Here's a story with a straightforward message: "Happier families put kids to bed early." The journalist's story begins with this introduction:
Studies are proving that getting kids to bed early isn’t just good for the kids – it’s good for their parents too. While a lot of parents may already know this from first-hand experience, now there is official data to support what they’ve thought all along.
(Note: Somebody should remind this journalist that scientists do not "prove" things; however it is true that they can use "data to support what they've thought all along.")
Here's some more about the study:
The University of New England and the Murdoch Children's Research Institute analyzed the lifestyles and sleep patterns of 3,600 children (all under age nine) .The results showed that teh mothers of children who went to bed early had improved mental health than those with children who went to bed after 8:30pm.
Dr. Jon Quach from Murdoch Children's Research Institute and the University of Melbourne also pointed out to Yahoo Parenting, "These benefits were seen in all early-to-bed kids regardless of whether they woke early or slept late."

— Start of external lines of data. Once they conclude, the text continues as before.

lemma nice_cycle_of_not_acyclic:
  assumes "\<not> acyclic ((\<Union>i. P i) \<union> (\<Union>j. L j))"
    and ferrers: "\<And>i. ferrers (P i)" "\<And>j. ferrers (L j)"
    and P: "\<And>i a b. (a, b) \<in> P i \<Longrightarrow> p a = i \<and> p b = i"
    and L: "\<And>j a b. (a, b) \<in> L j \<Longrightarrow> l a = j \<and> l b = j"
    and irrefl: "\<And>i a. (a, a) \<notin> P i" "\<And>j a. (a, a) \<notin> L j"
  obtains k u v where "0 < k" "inj_on (\<lambda>y. p (u y)) {1..k}" "inj_on (\<lambda>y. l (v y)) {1..k}"
    "\<And>y. y \<in> {1..k} \<Longrightarrow> (u y, v y) \<in> P (p (u y))"
    "\<And>y. y \<in> {1..k} \<Longrightarrow> (v y, u (succ_mod k y)) \<in> L (l (v y))"
proof -
  have "(\<Union>d. case_sum P L d) = (\<Union>i. P i) \<union> (\<Union>j. L j)"
    by (simp add: UNIV_sum UN_Un image_image)
  then have "\<not> acyclic (\<Union>d. case_sum P L d)" using assms(1) by simp
  then obtain N0 x0 c0 where "colored_cycle (case_sum P L) N0 x0 c0"
    by (rule colored_cycle_of_not_acyclic)
  moreover have "ferrers (case_sum P L d)" for d using ferrers by (cases d) simp_all
  ultimately obtain N x c where cyc: "colored_cycle (case_sum P L) N x c" and inj: "inj_on c {..<N}"
    by (rule colored_cycle_injective_colors)
  show thesis
  proof (cases "isl (c 0)")
    case True
    then show ?thesis by (rule nice_cycle_of_colored_cycle[OF cyc inj _ P L irrefl that])
  next
    case False
    have "0 < N" using cyc by (simp add: colored_cycle_def)
    let ?c = "\<lambda>i. c ((i + 1) mod N)"
    have "inj_on ?c {..<N}"
    proof -
      have "(\<lambda>i. (i + 1) mod N) ` {..<N} \<subseteq> {..<N}" using \<open>0 < N\<close> by auto
      then show ?thesis
        using comp_inj_on[OF inj_on_add_mod[of 1 N] inj_on_subset[OF inj]] by (simp add: comp_def)
    qed
    moreover have "isl (?c 0)" using colored_cycle_alternates[OF cyc inj P L irrefl \<open>0 < N\<close>] False by simp
    ultimately show ?thesis
      by (rule nice_cycle_of_colored_cycle[OF colored_cycle_rotate[OF cyc, of 1] _ _ P L irrefl that])
  qed
qed

lemma ev_ren_simps [simp]:
  "ev_op (ren_data r e) = ev_op e" "ev_proc (ren_data r e) = ev_proc e"
  "ev_loc (ren_data r e) = ev_loc e" "ev_data (ren_data r e) = r (ev_loc e) (ev_data e)"
  "ev_op (ren_proc p e) = ev_op e" "ev_proc (ren_proc p e) = p (ev_proc e)"
  "ev_loc (ren_proc p e) = ev_loc e" "ev_data (ren_proc p e) = ev_data e"
  "ev_op (ren_loc l e) = ev_op e" "ev_proc (ren_loc l e) = ev_proc e"
  "ev_loc (ren_loc l e) = l (ev_loc e)" "ev_data (ren_loc l e) = ev_data e"
  by (simp_all add: ren_data_def ren_proc_def ren_loc_def ev_op_def ev_proc_def ev_loc_def ev_data_def)
lemma orth_diag_diff: "orth_diag P (\<lambda>i. g i - h i) = orth_diag P g - orth_diag P h"
proof -
  have "diag_mat (\<lambda>i. g i - h i) = diag_mat g - diag_mat h"
    by (simp add: diag_mat_def vec_eq_iff)
  then show ?thesis
    by (simp add: orth_diag_def matrix_diff_ldistrib matrix_diff_rdistrib)
qed

lemma orth_diag_scaleR: "orth_diag P (\<lambda>i. c * g i) = c *\<^sub>R orth_diag P g"
proof -
  have "diag_mat (\<lambda>i. c * g i) = c *\<^sub>R diag_mat g"
    by (simp add: diag_mat_def vec_eq_iff)
  then show ?thesis
    by (simp add: orth_diag_def scalar_matrix_assoc matrix_scalar_ac)
qed

lemma orth_diag_const:
  fixes P :: "real^'n^'n"
  assumes "orthogonal_matrix P"
  shows "orth_diag P (\<lambda>i. c) = c *\<^sub>R mat 1"
proof -
  have diag: "diag_mat (\<lambda>i. c) = c *\<^sub>R mat 1"
    by (simp add: diag_mat_def mat_def vec_eq_iff)
  have "orth_diag P (\<lambda>i. c) = c *\<^sub>R (P ** transpose P)"
    unfolding orth_diag_def diag by (simp add: matrix_scalar_ac scalar_matrix_assoc)
  then show ?thesis
    using assms by (simp add: orthogonal_matrix_def)
qed

lemma orth_diag_mult:
  fixes P :: "real^'n^'n"
  assumes "orthogonal_matrix P"
  shows "orth_diag P g ** orth_diag P h = orth_diag P (\<lambda>i. g i * h i)"
proof -
  have "orth_diag P g ** orth_diag P h = P ** (diag_mat g ** (transpose P ** P) ** diag_mat h) ** transpose P"
    by (simp add: orth_diag_def matrix_mul_assoc)
  also have "\<dots> = orth_diag P (\<lambda>i. g i * h i)"
    using assms by (simp add: orth_diag_def orthogonal_matrix_def diag_mat_mult)
  finally show ?thesis .
qed
(* Let $\mathbf{c},\mathbf{d}$ be (possibly empty) real parameter vectors such that the kernel $K(\mu,n)=\dfrac{(\mathbf{c}+\mu)_n}{(\mathbf{d}+\mu)_n}$ is sign regular of order $3$ on $(0,\infty)\times\mathbb{N}_0$. Let $\mathbf{a}_1,\mathbf{a}_2,\mathbf{b}_1,\mathbf{b}_2$ be positive parameter vectors, let $x>0$, and assume the hypergeometric series below converge with non-vanishing denominator. Let $\mathbf{a}=(\mathbf{a}_1,\mathbf{a}_2)=(a_1,\dots,a_m)$ and $\mathbf{b}=(\mathbf{b}_1,\mathbf{b}_2)=(b_1,\dots,b_n)$ satisfy $m\le n$ and $$\frac{e_n(\mathbf{b})}{e_m(\mathbf{a})}\le\frac{e_{n-1}(\mathbf{b})}{e_{m-1}(\mathbf{a})}\le\dots\le\frac{e_{n-m+1}(\mathbf{b})}{e_1(\mathbf{a})}\le e_{n-m}(\mathbf{b}).$$ Then the function $$F(\mu)=\frac{{}_pF_q\!\left(\begin{matrix}\mathbf{c}+\mu,\ \mathbf{a}_1\\ \mathbf{d}+\mu,\ \mathbf{b}_1\end{matrix}\,\Big|\,x\right)}{{}_sF_t\!\left(\begin{matrix}\mathbf{c}+\mu,\ \mathbf{b}_2\\ \mathbf{d}+\mu,\ \mathbf{a}_2\end{matrix}\,\Big|\,x\right)}$$ is unimodal on $(0,\infty)$.
   Context: For a vector $\mathbf{c}=(c_1,\dots,c_r)$, $(\mathbf{c}+\mu)_k=\prod_{i=1}^r(c_i+\mu)_k$ (equal to $1$ if $\mathbf{c}$ is empty), where $(y)_k=y(y+1)\cdots(y+k-1)$ is the Pochhammer symbol; similarly $(\mathbf{a})_k=\prod_i(a_i)_k$. ${}_pF_q$ denotes the generalized hypergeometric series $\sum_{k\ge0}\frac{(\text{top parameters})_k}{(\text{bottom parameters})_k}\frac{x^k}{k!}$, with $p$, $q$, $s$, $t$ the total numbers of top/bottom parameters. $e_j(\mathbf{a})$ is the $j$-th elementary symmetric polynomial of the entries of $\mathbf{a}$ ($e_0=1$). A kernel $K:X\times Y\to\mathbb{R}$ is sign regular of order $3$ if there are signs $\varepsilon_1,\varepsilon_2,\varepsilon_3\in\{\pm1\}$ with $\varepsilon_m\det(K(x_i,y_j))_{i,j=1}^m\ge0$ for $m=1,2,3$ and all $x_1<\dots<x_m$, $y_1<\dots<y_m$. A function is unimodal if it changes its direction of monotonicity at most once. *)

theory Defs
  imports Complex_Main "Jordan_Normal_Form.Determinant"
begin

definition poch_vec :: "real list \<Rightarrow> nat \<Rightarrow> real" where
  "poch_vec cs k = prod_list (map (\<lambda>c. pochhammer c k) cs)"

definition shift_vec :: "real list \<Rightarrow> real \<Rightarrow> real list" where
  "shift_vec cs \<mu> = map (\<lambda>c. c + \<mu>) cs"

definition hyp_term :: "real list \<Rightarrow> real list \<Rightarrow> real \<Rightarrow> nat \<Rightarrow> real" where
  "hyp_term tops bots x k = poch_vec tops k / poch_vec bots k * x ^ k / fact k"

definition hypF :: "real list \<Rightarrow> real list \<Rightarrow> real \<Rightarrow> real" where
  "hypF tops bots x = (\<Sum>k. hyp_term tops bots x k)"

definition esym :: "nat \<Rightarrow> real list \<Rightarrow> real" where
  "esym j xs = (\<Sum>S\<in>{S. S \<subseteq> {..<length xs} \<and> card S = j}. \<Prod>i\<in>S. xs ! i)"

definition sign_regular3 :: "'a::linorder set \<Rightarrow> 'b::linorder set \<Rightarrow> ('a \<Rightarrow> 'b \<Rightarrow> real) \<Rightarrow> bool" where
  "sign_regular3 X Y K \<longleftrightarrow>
    (\<exists>\<epsilon>::nat \<Rightarrow> real. \<forall>m\<in>{1,2,3}. (\<epsilon> m = 1 \<or> \<epsilon> m = -1) \<and>
       (\<forall>xs ys. (\<forall>i<m. xs i \<in> X \<and> ys i \<in> Y) \<longrightarrow>
          (\<forall>i j. i < j \<longrightarrow> j < m \<longrightarrow> xs i < xs j \<and> ys i < ys j) \<longrightarrow>
          \<epsilon> m * det (mat m m (\<lambda>(i,j). K (xs i) (ys j))) \<ge> 0))"

definition unimodal_on :: "real set \<Rightarrow> (real \<Rightarrow> real) \<Rightarrow> bool" where
  "unimodal_on S f \<longleftrightarrow> (\<exists>t.
     (monotone_on {y\<in>S. y \<le> t} (\<le>) (\<le>) f \<and> monotone_on {y\<in>S. t \<le> y} (\<le>) (\<ge>) f) \<or>
     (monotone_on {y\<in>S. y \<le> t} (\<le>) (\<ge>) f \<and> monotone_on {y\<in>S. t \<le> y} (\<le>) (\<le>) f))"

end

theory Submission
  imports Defs "HOL-Analysis.Uniform_Limit"
begin

text \<open>With \<open>K(\<mu>, k) = (\<^bold>c + \<mu>)\<^sub>k / (\<^bold>d + \<mu>)\<^sub>k\<close>, numerator and denominator are
  \<open>\<Sum>\<^sub>k K(\<mu>, k) \<alpha>\<^sub>k\<close> and \<open>\<Sum>\<^sub>k K(\<mu>, k) \<beta>\<^sub>k\<close> with positive \<open>\<alpha>, \<beta>\<close> and
  \<open>\<alpha>\<^sub>k / \<beta>\<^sub>k = (\<^bold>a)\<^sub>k / (\<^bold>b)\<^sub>k\<close>. The chain condition makes \<open>\<Prod>(a\<^sub>i + t) / \<Prod>(b\<^sub>i + t)\<close>
  nonincreasing for \<open>t \<ge> 0\<close>, so \<open>\<alpha>\<^sub>k / \<beta>\<^sub>k\<close> is quasiconcave in \<open>k\<close>: for every level \<open>\<lambda>\<close>
  the coefficients \<open>\<alpha>\<^sub>k - \<lambda> \<beta>\<^sub>k\<close> have the sign pattern \<open>-, +, -\<close>. By the variation
  diminishing property of a sign regular kernel of order 3, \<open>\<mu> \<mapsto> \<Sum>\<^sub>k K(\<mu>, k) (\<alpha>\<^sub>k - \<lambda> \<beta>\<^sub>k)\<close>
  then cannot take the sign pattern \<open>+, -, +\<close> (up to the sign \<open>\<epsilon>\<^sub>2 \<epsilon>\<^sub>3\<close>) at three increasing
  points. Hence \<open>\<epsilon>\<^sub>2 \<epsilon>\<^sub>3 F\<close> is quasiconcave, and being continuous it is unimodal.\<close>

section \<open>Sign regular kernels and variation diminishing\<close>

definition det3_cols :: "(nat \<Rightarrow> real) \<Rightarrow> (nat \<Rightarrow> real) \<Rightarrow> (nat \<Rightarrow> real) \<Rightarrow> real" where
  "det3_cols u v w =
     u 0 * (v 1 * w 2 - v 2 * w 1) - u 1 * (v 0 * w 2 - v 2 * w 0) + u 2 * (v 0 * w 1 - v 1 * w 0)"

lemma det_mat_1: "Determinant.det (Matrix.mat 1 1 f) = (f (0, 0) :: real)"
  by (simp add: det_single)

lemma det_mat_2: "Determinant.det (Matrix.mat 2 2 f) = f (0, 0) * f (1, 1) - f (0, 1) * (f (1, 0) :: real)"
  unfolding numeral_2_eq_2
  by (subst laplace_expansion_column[of _ "Suc (Suc 0)" 0])
    (auto simp: cofactor_def lessThan_Suc mat_delete_def det_single)

lemma det_mat_3:
  "Determinant.det (Matrix.mat 3 3 f) =
     det3_cols (\<lambda>i. f (i, 0)) (\<lambda>i. f (i, 1)) (\<lambda>i. f (i, 2 :: nat) :: real)"
proof -
  have det2: "Determinant.det (Matrix.mat (Suc (Suc 0)) (Suc (Suc 0)) g)
      = g (0, 0) * g (1, 1) - g (0, 1) * g (1, 0)" for g :: "nat \<times> nat \<Rightarrow> real"
    using det_mat_2[of g] by (simp add: numeral_2_eq_2)
  show ?thesis
    by (subst laplace_expansion_column[of _ 3 0])
      (auto simp: cofactor_def numeral_3_eq_3 numeral_2_eq_2 lessThan_Suc mat_delete_def det2
        det3_cols_def algebra_simps)
qed

lemma det3_cols_sums:
  assumes "\<And>i. i < 3 \<Longrightarrow> (\<lambda>k. f k i) sums u i"
  shows "(\<lambda>k. det3_cols (f k) v w) sums det3_cols u v w"
    and "(\<lambda>k. det3_cols v (f k) w) sums det3_cols v u w"
    and "(\<lambda>k. det3_cols v w (f k)) sums det3_cols v w u"
  unfolding det3_cols_def by (intro sums_add sums_diff sums_mult sums_mult2 assms; simp)+

text \<open>Discrete Cauchy--Binet formulas: superposing the columns of a sign regular kernel with
  nonnegative weights whose supports are in increasing order preserves the signs of the minors.\<close>

lemma minor2_suminf_sign:
  fixes u v w0 w1 :: "nat \<Rightarrow> real"
  assumes summable: "summable (\<lambda>k. u k * w0 k)" "summable (\<lambda>k. v k * w0 k)"
      "summable (\<lambda>k. u k * w1 k)" "summable (\<lambda>k. v k * w1 k)"
    and nonneg: "\<And>k. 0 \<le> w0 k" "\<And>k. 0 \<le> w1 k"
    and sign: "\<And>k0 k1. w0 k0 \<noteq> 0 \<Longrightarrow> w1 k1 \<noteq> 0 \<Longrightarrow> 0 \<le> e * (u k0 * v k1 - u k1 * v k0)"
  shows "0 \<le> e * ((\<Sum>k. u k * w0 k) * (\<Sum>k. v k * w1 k) - (\<Sum>k. u k * w1 k) * (\<Sum>k. v k * w0 k))"
proof -
  have terms: "0 \<le> e * ((u k0 * w0 k0) * (v k1 * w1 k1) - (u k1 * w1 k1) * (v k0 * w0 k0))" for k0 k1
  proof -
    have "e * ((u k0 * w0 k0) * (v k1 * w1 k1) - (u k1 * w1 k1) * (v k0 * w0 k0))
        = w0 k0 * w1 k1 * (e * (u k0 * v k1 - u k1 * v k0))"
      by (simp add: algebra_simps)
    moreover have "0 \<le> w0 k0 * w1 k1 * (e * (u k0 * v k1 - u k1 * v k0))"
      using sign[of k0 k1] nonneg(1)[of k0] nonneg(2)[of k1]
      by (cases "w0 k0 = 0 \<or> w1 k1 = 0") (auto intro: mult_nonneg_nonneg)
    ultimately show ?thesis by metis
  qed
  have "(\<lambda>k1. e * ((u k0 * w0 k0) * (v k1 * w1 k1) - (u k1 * w1 k1) * (v k0 * w0 k0)))
      sums (e * ((u k0 * w0 k0) * (\<Sum>k. v k * w1 k) - (\<Sum>k. u k * w1 k) * (v k0 * w0 k0)))" for k0
    by (intro sums_mult sums_diff sums_mult2 summable_sums summable)
  hence "0 \<le> e * ((u k0 * w0 k0) * (\<Sum>k. v k * w1 k) - (\<Sum>k. u k * w1 k) * (v k0 * w0 k0))" for k0
    by (rule sums_le[OF terms sums_zero])
  moreover have "(\<lambda>k0. e * ((u k0 * w0 k0) * (\<Sum>k. v k * w1 k) - (\<Sum>k. u k * w1 k) * (v k0 * w0 k0)))
      sums (e * ((\<Sum>k. u k * w0 k) * (\<Sum>k. v k * w1 k) - (\<Sum>k. u k * w1 k) * (\<Sum>k. v k * w0 k)))"
    by (intro sums_mult sums_diff sums_mult2 summable_sums summable)
  ultimately show ?thesis by (rule sums_le[OF _ sums_zero])
qed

a) What kind of claim is it to say that "happier families put kids to bed early?" (Frequency, Association or Cause?)
b) Was this study experimental or correlational? What seem to be the main variables?
c) When the researcher says, "These benefits were seen in all early-to-bed kids regardless of whether they woke early or slept late," he is talking about a potential moderator. What is the moderating variable he is discussing? According to his statement, does that variable a moderator of the core relationship, or not?
d) Apply the three causal criteria to this result. Can we use it to support the claim that "putting your kids to bed earlier will improve their mental health?" Why or why not?
The journalist's story goes on to cover a study on sleep times and child obesity. According to the journalist, a study of 2,200 kids found that the ones who went to bed earlier had lower rates of obesity. The researcher was quoted as saying, "The late sleepers were considerably more likely to be obese, have a poorer diet, get more screen time and less physical activity than other kids."
e) Use your consumer-of-information skills to find at least two questionable aspects of the journalist's comments about the obesity study, about which she wrote:
Does this mean that kids that go to bed later will be obese? Not necessarily--more studies still need to be done to prove if there is a correlation between the two. But it's certainly a good reason to stick to a bedtime schedule.
f) Rewrite the above statement using more appropriate phrasing.
f) I would rewrite the journalist's comment as follows:
Does this result mean that going to bed later will cause kids to become obese? Not necessarily. Although this study does find a correlation between the two, the study may need to be replicated. Furthermore, it's based on correlational data. So while we may be tempted to conclude that we should "stick to a bedtime schedule," we don't know whether the obesity actually came before the sleep patterns, and we also can't rule out outside variables, such as family dynamics, family SES, child gender, and so on.